**WORK TO BE COMPLETED:** Total the lines of the entries below that hold the string "near", then write only that total.

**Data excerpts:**

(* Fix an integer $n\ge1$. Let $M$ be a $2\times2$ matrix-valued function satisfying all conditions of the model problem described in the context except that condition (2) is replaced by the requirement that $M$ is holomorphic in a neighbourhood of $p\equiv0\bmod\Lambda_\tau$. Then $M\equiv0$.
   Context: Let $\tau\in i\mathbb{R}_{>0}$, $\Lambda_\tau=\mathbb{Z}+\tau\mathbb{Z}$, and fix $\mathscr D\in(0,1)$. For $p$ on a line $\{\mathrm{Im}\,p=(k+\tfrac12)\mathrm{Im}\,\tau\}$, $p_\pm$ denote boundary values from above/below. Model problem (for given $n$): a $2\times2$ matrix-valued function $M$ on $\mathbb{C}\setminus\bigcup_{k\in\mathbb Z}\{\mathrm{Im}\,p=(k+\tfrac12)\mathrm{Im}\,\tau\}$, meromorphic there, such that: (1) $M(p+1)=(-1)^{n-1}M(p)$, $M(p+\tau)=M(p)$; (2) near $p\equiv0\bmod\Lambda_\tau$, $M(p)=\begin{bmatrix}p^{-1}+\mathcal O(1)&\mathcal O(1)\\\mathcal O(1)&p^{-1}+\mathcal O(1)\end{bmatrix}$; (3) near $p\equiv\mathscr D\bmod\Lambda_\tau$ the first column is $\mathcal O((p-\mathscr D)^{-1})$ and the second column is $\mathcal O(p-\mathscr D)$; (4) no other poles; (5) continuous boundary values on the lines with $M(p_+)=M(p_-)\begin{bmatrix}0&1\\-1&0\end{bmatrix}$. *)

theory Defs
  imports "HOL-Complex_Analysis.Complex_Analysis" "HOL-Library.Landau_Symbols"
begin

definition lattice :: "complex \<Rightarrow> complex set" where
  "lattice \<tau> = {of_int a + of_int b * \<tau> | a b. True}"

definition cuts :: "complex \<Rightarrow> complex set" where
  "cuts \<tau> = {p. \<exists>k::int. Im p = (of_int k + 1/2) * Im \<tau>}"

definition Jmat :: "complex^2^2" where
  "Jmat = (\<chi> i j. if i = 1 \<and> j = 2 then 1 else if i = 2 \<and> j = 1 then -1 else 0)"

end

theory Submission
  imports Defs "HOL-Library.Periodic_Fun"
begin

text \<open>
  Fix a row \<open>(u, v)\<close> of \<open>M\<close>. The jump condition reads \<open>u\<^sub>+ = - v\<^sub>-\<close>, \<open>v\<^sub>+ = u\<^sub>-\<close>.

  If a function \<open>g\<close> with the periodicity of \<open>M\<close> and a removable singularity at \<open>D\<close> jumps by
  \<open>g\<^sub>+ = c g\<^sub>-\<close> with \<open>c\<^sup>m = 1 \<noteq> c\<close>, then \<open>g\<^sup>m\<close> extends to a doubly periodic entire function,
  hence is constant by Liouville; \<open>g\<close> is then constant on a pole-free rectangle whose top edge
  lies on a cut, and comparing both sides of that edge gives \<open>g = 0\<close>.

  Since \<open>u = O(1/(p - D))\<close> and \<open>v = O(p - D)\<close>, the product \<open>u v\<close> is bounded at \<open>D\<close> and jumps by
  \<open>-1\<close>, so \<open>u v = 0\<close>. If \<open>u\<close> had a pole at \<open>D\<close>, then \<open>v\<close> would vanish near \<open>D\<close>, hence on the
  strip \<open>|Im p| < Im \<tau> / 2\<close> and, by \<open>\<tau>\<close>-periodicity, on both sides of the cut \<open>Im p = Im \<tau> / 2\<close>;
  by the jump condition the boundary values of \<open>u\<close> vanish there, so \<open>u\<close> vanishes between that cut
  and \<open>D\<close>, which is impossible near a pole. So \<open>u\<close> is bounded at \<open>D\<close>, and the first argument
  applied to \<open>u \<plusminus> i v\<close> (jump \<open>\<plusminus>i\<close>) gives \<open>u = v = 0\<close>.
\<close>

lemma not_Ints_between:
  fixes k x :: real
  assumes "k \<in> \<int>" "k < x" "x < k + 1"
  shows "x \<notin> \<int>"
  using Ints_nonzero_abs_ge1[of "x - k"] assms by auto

* * *

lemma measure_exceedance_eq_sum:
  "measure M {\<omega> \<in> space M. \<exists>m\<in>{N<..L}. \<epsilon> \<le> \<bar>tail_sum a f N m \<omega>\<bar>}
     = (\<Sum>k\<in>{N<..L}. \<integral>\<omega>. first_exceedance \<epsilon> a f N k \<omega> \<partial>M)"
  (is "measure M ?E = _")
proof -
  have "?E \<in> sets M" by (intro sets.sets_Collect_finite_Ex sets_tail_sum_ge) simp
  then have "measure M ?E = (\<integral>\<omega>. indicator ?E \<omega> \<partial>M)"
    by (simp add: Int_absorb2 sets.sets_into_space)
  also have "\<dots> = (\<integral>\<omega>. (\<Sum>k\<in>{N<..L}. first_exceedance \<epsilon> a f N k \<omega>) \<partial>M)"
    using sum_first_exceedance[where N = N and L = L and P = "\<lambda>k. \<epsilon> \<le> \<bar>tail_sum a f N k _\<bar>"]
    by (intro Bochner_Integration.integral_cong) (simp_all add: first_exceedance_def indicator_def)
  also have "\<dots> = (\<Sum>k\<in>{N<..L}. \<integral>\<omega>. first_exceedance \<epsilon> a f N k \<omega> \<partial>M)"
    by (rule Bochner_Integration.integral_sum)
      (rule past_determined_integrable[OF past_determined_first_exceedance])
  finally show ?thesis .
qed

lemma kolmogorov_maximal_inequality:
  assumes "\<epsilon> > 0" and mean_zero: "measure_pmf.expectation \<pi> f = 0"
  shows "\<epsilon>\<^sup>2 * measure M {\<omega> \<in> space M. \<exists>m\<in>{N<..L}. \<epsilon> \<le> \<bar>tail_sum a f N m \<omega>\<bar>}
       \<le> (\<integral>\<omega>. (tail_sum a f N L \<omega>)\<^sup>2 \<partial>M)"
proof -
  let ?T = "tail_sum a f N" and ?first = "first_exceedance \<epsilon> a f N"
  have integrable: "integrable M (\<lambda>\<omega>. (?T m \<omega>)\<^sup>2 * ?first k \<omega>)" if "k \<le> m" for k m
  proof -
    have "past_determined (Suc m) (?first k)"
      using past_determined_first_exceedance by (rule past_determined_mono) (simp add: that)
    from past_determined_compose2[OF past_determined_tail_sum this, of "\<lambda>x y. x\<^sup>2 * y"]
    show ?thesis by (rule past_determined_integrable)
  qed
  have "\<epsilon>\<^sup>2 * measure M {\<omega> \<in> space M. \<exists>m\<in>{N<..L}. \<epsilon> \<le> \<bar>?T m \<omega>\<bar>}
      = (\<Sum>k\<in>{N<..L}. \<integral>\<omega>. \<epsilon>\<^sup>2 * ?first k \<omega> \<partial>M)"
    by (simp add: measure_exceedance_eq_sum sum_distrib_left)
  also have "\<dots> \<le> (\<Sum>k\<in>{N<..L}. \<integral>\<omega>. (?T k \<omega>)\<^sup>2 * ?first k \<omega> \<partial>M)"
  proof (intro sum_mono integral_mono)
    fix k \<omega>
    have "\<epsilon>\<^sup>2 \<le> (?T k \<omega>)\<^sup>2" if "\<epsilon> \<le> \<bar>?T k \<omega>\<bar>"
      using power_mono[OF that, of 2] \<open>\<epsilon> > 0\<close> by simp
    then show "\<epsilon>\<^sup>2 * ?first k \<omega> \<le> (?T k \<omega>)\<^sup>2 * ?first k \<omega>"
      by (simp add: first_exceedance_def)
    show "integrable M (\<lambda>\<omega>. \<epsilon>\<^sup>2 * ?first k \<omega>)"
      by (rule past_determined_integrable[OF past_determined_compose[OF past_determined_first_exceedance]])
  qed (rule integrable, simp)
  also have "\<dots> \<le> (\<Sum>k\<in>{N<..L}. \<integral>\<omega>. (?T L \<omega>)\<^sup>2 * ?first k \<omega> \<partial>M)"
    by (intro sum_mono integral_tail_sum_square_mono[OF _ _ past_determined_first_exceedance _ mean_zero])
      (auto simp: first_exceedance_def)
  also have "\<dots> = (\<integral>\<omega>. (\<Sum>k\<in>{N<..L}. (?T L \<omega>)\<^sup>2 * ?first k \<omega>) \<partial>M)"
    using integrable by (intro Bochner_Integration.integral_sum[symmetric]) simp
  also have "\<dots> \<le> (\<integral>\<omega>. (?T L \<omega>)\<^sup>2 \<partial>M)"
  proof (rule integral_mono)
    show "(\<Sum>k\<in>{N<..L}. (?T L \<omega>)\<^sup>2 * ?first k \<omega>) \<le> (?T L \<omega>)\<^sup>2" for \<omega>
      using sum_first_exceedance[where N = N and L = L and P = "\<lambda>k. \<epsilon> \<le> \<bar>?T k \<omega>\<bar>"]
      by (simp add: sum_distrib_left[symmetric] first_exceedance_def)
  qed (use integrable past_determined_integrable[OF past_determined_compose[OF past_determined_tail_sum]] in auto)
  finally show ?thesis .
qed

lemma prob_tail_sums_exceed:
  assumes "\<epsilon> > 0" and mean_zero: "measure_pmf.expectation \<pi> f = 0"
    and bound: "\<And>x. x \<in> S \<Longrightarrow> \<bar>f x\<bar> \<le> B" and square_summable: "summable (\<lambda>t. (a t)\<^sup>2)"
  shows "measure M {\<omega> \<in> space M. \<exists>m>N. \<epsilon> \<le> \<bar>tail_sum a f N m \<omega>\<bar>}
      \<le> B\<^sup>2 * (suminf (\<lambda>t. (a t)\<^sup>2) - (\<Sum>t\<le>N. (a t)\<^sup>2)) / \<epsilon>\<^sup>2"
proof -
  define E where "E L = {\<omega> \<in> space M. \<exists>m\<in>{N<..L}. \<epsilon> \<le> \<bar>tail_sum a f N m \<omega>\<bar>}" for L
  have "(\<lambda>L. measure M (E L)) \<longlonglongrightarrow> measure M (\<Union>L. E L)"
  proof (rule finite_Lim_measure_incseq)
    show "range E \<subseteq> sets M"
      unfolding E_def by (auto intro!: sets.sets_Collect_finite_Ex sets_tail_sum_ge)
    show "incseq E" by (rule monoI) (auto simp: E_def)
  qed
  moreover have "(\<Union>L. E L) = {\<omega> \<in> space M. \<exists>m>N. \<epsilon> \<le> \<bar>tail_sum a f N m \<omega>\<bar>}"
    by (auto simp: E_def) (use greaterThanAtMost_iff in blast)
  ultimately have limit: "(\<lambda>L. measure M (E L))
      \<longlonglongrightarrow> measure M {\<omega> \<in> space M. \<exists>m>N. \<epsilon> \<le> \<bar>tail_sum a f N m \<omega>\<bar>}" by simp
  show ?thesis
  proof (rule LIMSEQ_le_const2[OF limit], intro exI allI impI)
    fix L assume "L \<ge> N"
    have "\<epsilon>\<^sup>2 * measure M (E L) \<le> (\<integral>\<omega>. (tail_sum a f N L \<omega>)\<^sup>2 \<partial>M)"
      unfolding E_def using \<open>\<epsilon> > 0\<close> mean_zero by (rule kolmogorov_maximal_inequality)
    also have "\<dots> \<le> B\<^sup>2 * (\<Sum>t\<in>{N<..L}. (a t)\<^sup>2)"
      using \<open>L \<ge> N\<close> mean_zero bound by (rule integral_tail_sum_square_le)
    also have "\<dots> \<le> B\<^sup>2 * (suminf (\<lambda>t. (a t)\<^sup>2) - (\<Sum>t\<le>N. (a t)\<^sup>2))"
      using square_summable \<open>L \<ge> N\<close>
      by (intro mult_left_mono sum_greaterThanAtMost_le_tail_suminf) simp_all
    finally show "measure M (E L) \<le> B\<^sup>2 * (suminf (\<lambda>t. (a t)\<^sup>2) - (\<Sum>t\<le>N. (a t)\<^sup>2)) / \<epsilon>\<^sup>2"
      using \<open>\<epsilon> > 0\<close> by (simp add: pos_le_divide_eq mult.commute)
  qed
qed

---

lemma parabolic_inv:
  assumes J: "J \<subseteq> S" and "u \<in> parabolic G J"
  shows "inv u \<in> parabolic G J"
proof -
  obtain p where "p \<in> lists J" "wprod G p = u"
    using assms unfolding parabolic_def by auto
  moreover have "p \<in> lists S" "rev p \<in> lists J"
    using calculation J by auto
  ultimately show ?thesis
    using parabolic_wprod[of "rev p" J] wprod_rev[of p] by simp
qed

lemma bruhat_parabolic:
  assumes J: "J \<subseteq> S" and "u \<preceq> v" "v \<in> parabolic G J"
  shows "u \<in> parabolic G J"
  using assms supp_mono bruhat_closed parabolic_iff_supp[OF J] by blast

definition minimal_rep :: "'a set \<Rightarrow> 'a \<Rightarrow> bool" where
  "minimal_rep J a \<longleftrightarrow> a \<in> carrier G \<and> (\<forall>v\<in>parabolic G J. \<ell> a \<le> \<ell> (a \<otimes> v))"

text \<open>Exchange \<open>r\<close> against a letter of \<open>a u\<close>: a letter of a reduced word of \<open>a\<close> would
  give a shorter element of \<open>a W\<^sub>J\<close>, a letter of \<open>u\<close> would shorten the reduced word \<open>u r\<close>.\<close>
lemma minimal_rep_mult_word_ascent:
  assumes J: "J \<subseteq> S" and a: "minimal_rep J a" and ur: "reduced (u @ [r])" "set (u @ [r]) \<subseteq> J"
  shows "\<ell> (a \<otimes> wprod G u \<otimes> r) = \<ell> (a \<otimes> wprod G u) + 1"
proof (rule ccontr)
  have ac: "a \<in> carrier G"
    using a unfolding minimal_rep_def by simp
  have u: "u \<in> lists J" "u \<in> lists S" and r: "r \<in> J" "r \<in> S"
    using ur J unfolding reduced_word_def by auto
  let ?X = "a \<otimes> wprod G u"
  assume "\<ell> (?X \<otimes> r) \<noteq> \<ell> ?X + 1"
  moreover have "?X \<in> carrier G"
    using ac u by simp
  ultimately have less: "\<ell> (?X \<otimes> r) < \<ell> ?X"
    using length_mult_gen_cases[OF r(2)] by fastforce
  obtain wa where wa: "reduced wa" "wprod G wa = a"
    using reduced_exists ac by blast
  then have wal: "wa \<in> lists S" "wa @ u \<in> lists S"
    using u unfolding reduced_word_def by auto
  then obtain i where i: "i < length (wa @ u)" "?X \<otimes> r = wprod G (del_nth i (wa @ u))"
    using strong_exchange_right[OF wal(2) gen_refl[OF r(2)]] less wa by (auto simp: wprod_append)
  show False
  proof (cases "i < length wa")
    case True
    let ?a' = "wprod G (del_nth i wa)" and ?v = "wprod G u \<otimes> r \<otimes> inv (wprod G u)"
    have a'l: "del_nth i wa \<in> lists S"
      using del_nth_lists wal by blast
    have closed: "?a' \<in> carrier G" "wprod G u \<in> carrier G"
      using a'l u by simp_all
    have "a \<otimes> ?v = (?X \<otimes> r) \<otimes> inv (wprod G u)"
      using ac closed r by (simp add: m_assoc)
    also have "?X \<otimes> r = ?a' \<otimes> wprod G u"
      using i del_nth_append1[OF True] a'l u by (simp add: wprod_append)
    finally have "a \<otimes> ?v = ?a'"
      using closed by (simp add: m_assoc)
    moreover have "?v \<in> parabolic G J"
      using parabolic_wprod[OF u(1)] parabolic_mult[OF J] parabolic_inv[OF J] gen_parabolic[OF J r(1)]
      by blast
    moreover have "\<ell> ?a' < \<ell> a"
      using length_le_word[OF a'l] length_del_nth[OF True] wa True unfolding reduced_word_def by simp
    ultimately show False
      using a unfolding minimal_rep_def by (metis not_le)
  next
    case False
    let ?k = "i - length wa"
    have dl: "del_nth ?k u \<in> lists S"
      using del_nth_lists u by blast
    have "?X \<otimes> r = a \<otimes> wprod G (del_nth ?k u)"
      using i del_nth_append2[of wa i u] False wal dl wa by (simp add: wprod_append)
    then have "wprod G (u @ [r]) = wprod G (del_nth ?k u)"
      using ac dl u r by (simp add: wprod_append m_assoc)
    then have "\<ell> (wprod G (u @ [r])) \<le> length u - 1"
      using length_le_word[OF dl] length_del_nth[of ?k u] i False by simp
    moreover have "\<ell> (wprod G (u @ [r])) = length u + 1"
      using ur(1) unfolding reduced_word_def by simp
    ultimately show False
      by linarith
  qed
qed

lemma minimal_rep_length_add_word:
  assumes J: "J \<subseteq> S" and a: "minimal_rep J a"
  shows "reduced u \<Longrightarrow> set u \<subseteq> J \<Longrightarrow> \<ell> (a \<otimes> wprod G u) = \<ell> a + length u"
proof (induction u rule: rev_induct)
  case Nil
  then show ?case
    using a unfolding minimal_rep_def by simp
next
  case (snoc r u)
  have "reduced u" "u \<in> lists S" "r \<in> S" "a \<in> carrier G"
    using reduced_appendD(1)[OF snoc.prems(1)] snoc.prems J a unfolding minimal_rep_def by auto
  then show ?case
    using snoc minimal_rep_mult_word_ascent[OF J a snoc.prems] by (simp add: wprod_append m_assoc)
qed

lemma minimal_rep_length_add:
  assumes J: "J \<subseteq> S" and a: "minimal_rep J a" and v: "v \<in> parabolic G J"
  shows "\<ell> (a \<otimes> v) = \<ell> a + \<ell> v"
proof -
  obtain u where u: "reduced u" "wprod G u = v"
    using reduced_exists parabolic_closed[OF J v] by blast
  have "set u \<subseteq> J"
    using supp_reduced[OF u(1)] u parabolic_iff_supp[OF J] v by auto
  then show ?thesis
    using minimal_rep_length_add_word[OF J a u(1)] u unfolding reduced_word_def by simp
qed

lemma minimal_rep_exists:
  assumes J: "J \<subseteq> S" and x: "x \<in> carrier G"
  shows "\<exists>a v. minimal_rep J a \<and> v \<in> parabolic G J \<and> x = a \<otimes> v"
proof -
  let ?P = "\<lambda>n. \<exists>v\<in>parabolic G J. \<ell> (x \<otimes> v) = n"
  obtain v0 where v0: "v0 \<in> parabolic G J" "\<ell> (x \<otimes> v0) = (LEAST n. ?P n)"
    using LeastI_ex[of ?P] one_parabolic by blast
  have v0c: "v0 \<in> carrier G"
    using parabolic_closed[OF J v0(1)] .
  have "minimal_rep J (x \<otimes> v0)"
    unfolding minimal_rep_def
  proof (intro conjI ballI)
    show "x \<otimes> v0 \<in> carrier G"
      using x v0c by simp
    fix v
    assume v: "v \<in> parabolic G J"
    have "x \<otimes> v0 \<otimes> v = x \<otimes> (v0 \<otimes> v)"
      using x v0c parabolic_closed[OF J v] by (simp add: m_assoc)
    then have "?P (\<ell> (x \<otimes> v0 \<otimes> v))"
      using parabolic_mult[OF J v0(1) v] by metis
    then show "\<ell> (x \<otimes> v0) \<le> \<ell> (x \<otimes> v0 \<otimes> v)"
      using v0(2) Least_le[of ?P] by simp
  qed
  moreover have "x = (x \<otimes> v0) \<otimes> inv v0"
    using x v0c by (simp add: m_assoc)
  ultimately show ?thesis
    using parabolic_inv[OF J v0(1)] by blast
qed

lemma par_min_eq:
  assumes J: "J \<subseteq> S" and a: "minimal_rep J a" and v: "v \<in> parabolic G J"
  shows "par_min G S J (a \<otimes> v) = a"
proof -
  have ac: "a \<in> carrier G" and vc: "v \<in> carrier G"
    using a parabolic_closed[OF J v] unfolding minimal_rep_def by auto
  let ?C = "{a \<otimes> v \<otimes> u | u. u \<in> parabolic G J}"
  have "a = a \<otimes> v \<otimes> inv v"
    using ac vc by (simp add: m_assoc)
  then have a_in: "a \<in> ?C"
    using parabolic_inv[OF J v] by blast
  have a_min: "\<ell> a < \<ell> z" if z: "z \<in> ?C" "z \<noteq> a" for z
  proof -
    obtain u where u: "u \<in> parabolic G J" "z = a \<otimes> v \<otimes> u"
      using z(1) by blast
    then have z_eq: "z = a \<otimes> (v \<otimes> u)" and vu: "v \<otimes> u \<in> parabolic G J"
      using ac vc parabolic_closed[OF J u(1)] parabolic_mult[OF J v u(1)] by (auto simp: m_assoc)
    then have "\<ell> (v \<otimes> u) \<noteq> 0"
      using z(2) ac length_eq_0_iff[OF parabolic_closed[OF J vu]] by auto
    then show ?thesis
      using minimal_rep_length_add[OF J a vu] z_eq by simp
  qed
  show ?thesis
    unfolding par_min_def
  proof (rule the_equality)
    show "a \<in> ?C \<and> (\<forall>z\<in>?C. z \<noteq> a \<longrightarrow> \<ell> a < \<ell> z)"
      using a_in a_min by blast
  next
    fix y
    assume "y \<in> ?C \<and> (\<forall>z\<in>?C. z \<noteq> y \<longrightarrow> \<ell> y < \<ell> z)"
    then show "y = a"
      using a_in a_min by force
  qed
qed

**ANSWER AREA:** 3